Supervised machine learning has the general goal of creating a model/method to make _good_ predictions on unseen data. 

Machine learning workflows (for supervised learning) organize the steps that accomplish this goal. These steps are:
1. Get the initial dataset
2. Create a feature-target dataset (from the initial datset)
3. Create train and test datasets (from the feature-target dataset)
4. Fit model (to the train dataset)
5. Make and evaluate predictions (made by the fit model on the test dataset)

There are four components (that you provide) as input to the workflow:
1. The initial dataset
2. The process to create the feature-target dataset
3. The process to fit the model
4. The choice of metric to use in evaluating the model predictions

Our focus is on:
- component 2 and the processes to prepare the data in step 2
- component 3 and the process to fit the model in step 4

In this notebook, these steps will be described and implemented in Python code and run with two simple datasets. 

Later notebooks will implement this workflow with more involved datasets which will provide opportunity to focus on steps 2 and 4. 

There are a few requirements of the workflow. In general, information used to evaluate the model should not be available when creating the model. Specifically, 
- the train dataset should be used to fit the model
- the test dataset should be used to evaluate the model
- step 5 should only be run once
- the feature-target dataset should be created using only per-row transformations
- predictor columns of the feature-target dataset should have only numeric types 

The first two requirements will be implemented in the code below.

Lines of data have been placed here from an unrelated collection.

section \<open>Stiffness forms as sums over edges\<close>

lemma symmetric_zero_row_sums_form:
  fixes G h :: "nat \<Rightarrow> nat \<Rightarrow> real"
  assumes sym: "\<And>i j. G i j = G j i" and rows: "\<And>i. i \<in> I \<Longrightarrow> (\<Sum>j\<in>I. G i j) = 0"
  shows "(\<Sum>i\<in>I. \<Sum>j\<in>I. G i j * (h i i - h i j - h j i + h j j))
       = -2 * (\<Sum>i\<in>I. \<Sum>j\<in>I. G i j * h i j)"
proof -
  have diag1: "(\<Sum>i\<in>I. \<Sum>j\<in>I. G i j * h i i) = 0"
    using rows by (simp flip: sum_distrib_right)
  have "(\<Sum>i\<in>I. \<Sum>j\<in>I. G i j * h j j) = (\<Sum>j\<in>I. \<Sum>i\<in>I. G j i * h j j)"
    by (subst sum.swap) (simp add: sym)
  then have diag2: "(\<Sum>i\<in>I. \<Sum>j\<in>I. G i j * h j j) = 0"
    using rows by (simp flip: sum_distrib_right)
  have "(\<Sum>i\<in>I. \<Sum>j\<in>I. G i j * h j i) = (\<Sum>j\<in>I. \<Sum>i\<in>I. G j i * h j i)"
    by (subst sum.swap) (simp add: sym)
  then have cross: "(\<Sum>i\<in>I. \<Sum>j\<in>I. G i j * h j i) = (\<Sum>i\<in>I. \<Sum>j\<in>I. G i j * h i j)"
    by simp
  have "(\<Sum>i\<in>I. \<Sum>j\<in>I. G i j * (h i i - h i j - h j i + h j j))
      = (\<Sum>i\<in>I. \<Sum>j\<in>I. G i j * h i i) - (\<Sum>i\<in>I. \<Sum>j\<in>I. G i j * h i j)
        - (\<Sum>i\<in>I. \<Sum>j\<in>I. G i j * h j i) + (\<Sum>i\<in>I. \<Sum>j\<in>I. G i j * h j j)"
    by (simp add: algebra_simps sum.distrib sum_subtractf)
  then show ?thesis using diag1 diag2 cross by simp
qed

text \<open>For a matrix \<open>G\<close> with zero row sums and nonpositive off-diagonal entries (such as the
  stiffness matrix of a non-obtuse simplex) the bilinear forms are sums over edges,
  \<open>\<Sum>\<Sum> G i j h i j = - 1/2 \<Sum>\<Sum> G i j (h i i - h i j - h j i + h j j)\<close>, so an edgewise
  inequality carries over.\<close>
lemma zero_row_sums_form_le:
  fixes G :: "nat \<Rightarrow> nat \<Rightarrow> real" and f g :: "nat \<Rightarrow> 'a::real_inner" and t :: "nat \<Rightarrow> real"
  assumes sym: "\<And>i j. G i j = G j i" and rows: "\<And>i. i \<in> I \<Longrightarrow> (\<Sum>j\<in>I. G i j) = 0"
    and nonpos: "\<And>i j. i \<in> I \<Longrightarrow> j \<in> I \<Longrightarrow> i \<noteq> j \<Longrightarrow> G i j \<le> 0"
    and edge: "\<And>i j. i \<in> I \<Longrightarrow> j \<in> I \<Longrightarrow> i \<noteq> j \<Longrightarrow>
                 c * (t i - t j)\<^sup>2 \<le> - ((f i - f j) \<bullet> (g i - g j))"
  shows "c * (\<Sum>i\<in>I. \<Sum>j\<in>I. G i j * (t i * t j)) \<le> - (\<Sum>i\<in>I. \<Sum>j\<in>I. G i j * (f i \<bullet> g j))"
proof -
  let ?X = "\<Sum>i\<in>I. \<Sum>j\<in>I. G i j * (f i \<bullet> g j)" and ?Y = "\<Sum>i\<in>I. \<Sum>j\<in>I. G i j * (t i * t j)"
  have "0 \<le> (\<Sum>i\<in>I. \<Sum>j\<in>I. G i j * (c * (t i - t j)\<^sup>2 + (f i - f j) \<bullet> (g i - g j)))"
  proof (intro sum_nonneg)
    fix i j assume ij: "i \<in> I" "j \<in> I"
    show "0 \<le> G i j * (c * (t i - t j)\<^sup>2 + (f i - f j) \<bullet> (g i - g j))"
    proof (cases "i = j")
      case False
      then show ?thesis
        using nonpos[OF ij False] edge[OF ij False] by (intro mult_nonpos_nonpos) simp_all
    qed simp
  qed
  also have "\<dots> = c * (\<Sum>i\<in>I. \<Sum>j\<in>I. G i j * (t i - t j)\<^sup>2)
        + (\<Sum>i\<in>I. \<Sum>j\<in>I. G i j * ((f i - f j) \<bullet> (g i - g j)))"
    by (simp add: distrib_left sum.distrib sum_distrib_left mult_ac)
  also have "(\<Sum>i\<in>I. \<Sum>j\<in>I. G i j * (t i - t j)\<^sup>2) = -2 * ?Y"
    using symmetric_zero_row_sums_form[OF sym rows, of "\<lambda>i j. t i * t j"]
    by (simp add: power2_eq_square algebra_simps)
  also have "(\<Sum>i\<in>I. \<Sum>j\<in>I. G i j * ((f i - f j) \<bullet> (g i - g j))) = -2 * ?X"
    using symmetric_zero_row_sums_form[OF sym rows, of "\<lambda>i j. f i \<bullet> g j"]
    by (simp add: inner_diff_left inner_diff_right algebra_simps)
  finally have "0 \<le> c * (-2 * ?Y) + -2 * ?X" .
  then show ?thesis by linarith
qed

lemma integral_const_real: "integral S (\<lambda>x. c) = c * integral S (\<lambda>x. 1 :: real)"
  using integral_cmul[of S c "\<lambda>x. 1 :: real"] by simp

lemma integral_one_nonneg: "integral S (\<lambda>x. 1 :: real) \<ge> 0"
  by (cases "(\<lambda>x. 1 :: real) integrable_on S") (auto intro: integral_nonneg simp: not_integrable_integral)


lemma nonobtuse_stiffness_form_le:
  fixes v W :: "nat \<Rightarrow> real^'n" and B :: "nat \<Rightarrow> real^'n^'n"
  assumes inj: "inj_on v {0..CARD('n)}" and ind: "\<not> affine_dependent (v ` {0..CARD('n)})"
    and d: "CARD('n) \<ge> 2" and nonobtuse: "nonobtuse_simplex v" and W: "bary_gradients v W"
    and sym: "\<forall>i \<le> CARD('n). transpose (B i) = B i" and \<delta>: "\<delta> > 0"
  shows "1 / real CARD('n) * (\<Sum>i\<in>{0..CARD('n)}. \<Sum>j\<in>{0..CARD('n)}. (W i \<bullet> W j) *
           (trace (mat_fun ln (mat_fun (beta \<delta>) (B i))) * trace (mat_fun ln (mat_fun (beta \<delta>) (B j)))))
    \<le> - (\<Sum>i\<in>{0..CARD('n)}. \<Sum>j\<in>{0..CARD('n)}. (W i \<bullet> W j) *
           (B i \<bullet> matrix_inv (mat_fun (beta \<delta>) (B j))))"
proof (rule zero_row_sums_form_le)
  show "(\<Sum>j\<in>{0..CARD('n)}. W i \<bullet> W j) = 0" for i
    by (simp add: bary_gradients_sum[OF inj ind W] flip: inner_sum_right)
  show "W i \<bullet> W j \<le> 0" if "i \<in> {0..CARD('n)}" "j \<in> {0..CARD('n)}" "i \<noteq> j" for i j
    using bary_gradients_inner_nonpos[OF inj ind d nonobtuse W] that by blast
  show "1 / real CARD('n) * (trace (mat_fun ln (mat_fun (beta \<delta>) (B i)))
          - trace (mat_fun ln (mat_fun (beta \<delta>) (B j))))\<^sup>2
        \<le> - ((B i - B j) \<bullet> (matrix_inv (mat_fun (beta \<delta>) (B i)) - matrix_inv (mat_fun (beta \<delta>) (B j))))"
    if "i \<in> {0..CARD('n)}" "j \<in> {0..CARD('n)}" for i j
    using trace_ln_beta_diff_square_le[of "B i" "B j" \<delta>] sym \<delta> that by simp
qed (simp add: inner_commute)

theorem lemma2p4:
  fixes v :: "nat \<Rightarrow> real^'n" and Bv :: "nat \<Rightarrow> real^'n^'n" and \<delta> :: real
  assumes "CARD('n) \<in> {2, 3}"
    and "0 < \<delta>" and "\<delta> < 1"
    and "inj_on v {0..CARD('n)}"
    and "\<not> affine_dependent (v ` {0..CARD('n)})"
    and "nonobtuse_simplex v"
    and "\<forall>i \<le> CARD('n). transpose (Bv i) = Bv i"
  shows "- integral (simplex_hull v)
            (\<lambda>x. \<Sum>k\<in>UNIV. pd (p1_interp v Bv) x k \<bullet>
                 pd (p1_interp v (\<lambda>i. matrix_inv (mat_fun (beta \<delta>) (Bv i)))) x k)
          \<ge> 1 / real CARD('n) * integral (simplex_hull v)
            (\<lambda>x. \<Sum>k\<in>UNIV. (pd (p1_interp v (\<lambda>i. trace (mat_fun ln (mat_fun (beta \<delta>) (Bv i))))) x k)\<^sup>2)
       \<and> 1 / real CARD('n) * integral (simplex_hull v)
            (\<lambda>x. \<Sum>k\<in>UNIV. (pd (p1_interp v (\<lambda>i. trace (mat_fun ln (mat_fun (beta \<delta>) (Bv i))))) x k)\<^sup>2)
         = 1 / real CARD('n) * integral (simplex_hull v)
            (\<lambda>x. \<Sum>k\<in>UNIV. (pd (p1_interp v (\<lambda>i. trace (mat_fun ln (matrix_inv (mat_fun (beta \<delta>) (Bv i)))))) x k)\<^sup>2)"
proof -
  let ?I = "{0..CARD('n)}"
  define Bi where "Bi i = matrix_inv (mat_fun (beta \<delta>) (Bv i))" for i
  define t where "t i = trace (mat_fun ln (mat_fun (beta \<delta>) (Bv i)))" for i
  define t' where "t' i = trace (mat_fun ln (matrix_inv (mat_fun (beta \<delta>) (Bv i))))" for i
  obtain W where W: "bary_gradients v W" using bary_gradients_exist[OF assms(4,5)] .
  define G where "G i j = W i \<bullet> W j" for i j
  note dirichlet = p1_interp_gradient_inner[OF assms(4,5) W, folded G_def]
  have square: "(\<Sum>k\<in>UNIV. (pd (p1_interp v s) x k)\<^sup>2) = (\<Sum>i\<in>?I. \<Sum>j\<in>?I. G i j * (s i * s j))"
    for s :: "nat \<Rightarrow> real" and x
    using dirichlet[of s x s] by (simp add: power2_eq_square)
  have "t' i = - t i" if "i \<in> ?I" for i
    using trace_ln_inverse_beta[of "Bv i" \<delta>] assms(2,7) that by (simp add: t_def t'_def)
  then have t': "(\<Sum>i\<in>?I. \<Sum>j\<in>?I. G i j * (t' i * t' j)) = (\<Sum>i\<in>?I. \<Sum>j\<in>?I. G i j * (t i * t j))"
    by (intro sum.cong) auto
  have "1 / real CARD('n) * (\<Sum>i\<in>?I. \<Sum>j\<in>?I. G i j * (t i * t j))
      \<le> - (\<Sum>i\<in>?I. \<Sum>j\<in>?I. G i j * (Bv i \<bullet> Bi j))"
    using nonobtuse_stiffness_form_le[OF assms(4,5) _ assms(6) W assms(7,2)] assms(1)
    by (force simp: G_def t_def Bi_def)
  from mult_right_mono[OF this integral_one_nonneg]
  show ?thesis
    unfolding t'_def[symmetric] t_def[symmetric]
    unfolding Bi_def[symmetric] dirichlet square t'
      integral_const_real[of _ "\<Sum>i\<in>?I. \<Sum>j\<in>?I. G i j * (Bv i \<bullet> Bi j)"]
      integral_const_real[of _ "\<Sum>i\<in>?I. \<Sum>j\<in>?I. G i j * (t i * t j)"]
    by simp
qed
end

The remaining requirements will be discussed in later notebooks. 

The takeaways from this notebook are:
- workflow steps
- workflow components
- the realization that this workflow isn't really that difficult 

The requirements will be revisited in later notebooks.

## Setup

This section loads three libraries and displays their version numbers. 

Import the `pandas`,  `numpy` and `sklearn` libraries. 

In [0]:
import pandas  as pd
import numpy   as np
import sklearn as sk

Display the version numbers of the `pandas`, `numpy` and `sklearn` packages:

In [2]:
print('pandas :',pd.__version__)
print('numpy  :',np.__version__)
print('sklearn:',sk.__version__)

pandas : 0.24.2
numpy  : 1.16.4
sklearn: 0.21.3


### Standard/common functions

The following code cells contains the standard functions defined above. (Does not include `get_iris_pdf`).

In [0]:
def get_feature_target_pdf(pdf, transformer_object): 
  return transformer_object.fit(pdf).transform(pdf)

In [0]:
def get_train_test_dict(pdf, target_name, **kwargs):
  from sklearn.model_selection import train_test_split
  X_train, X_test, y_train, y_test = train_test_split(pdf.drop(columns=target_name),
                                                      pdf[target_name], 
                                                      **kwargs)
  return {
      'x_train': X_train,
      'y_train': y_train,
      'x_test' : X_test,
      'y_test' : y_test
  }

In [0]:
def get_fit_model(estimator_object, x_train, y_train):
  return estimator_object.fit(X=x_train,
                              y=y_train)

In [0]:
def get_predict_ser(model, x_test):
  return model.predict(X=x_test)

In [0]:
def get_actual_predict_pdf(actual,predict):
  import pandas as pd
  return pd.DataFrame(data={'actual' : actual,
                            'predict': predict},
                      index=actual.index)

In [0]:
def get_actual_predict_eval(actual_predict_pdf, metric_function):
  return metric_function(actual_predict_pdf['actual'], 
                         actual_predict_pdf['predict'])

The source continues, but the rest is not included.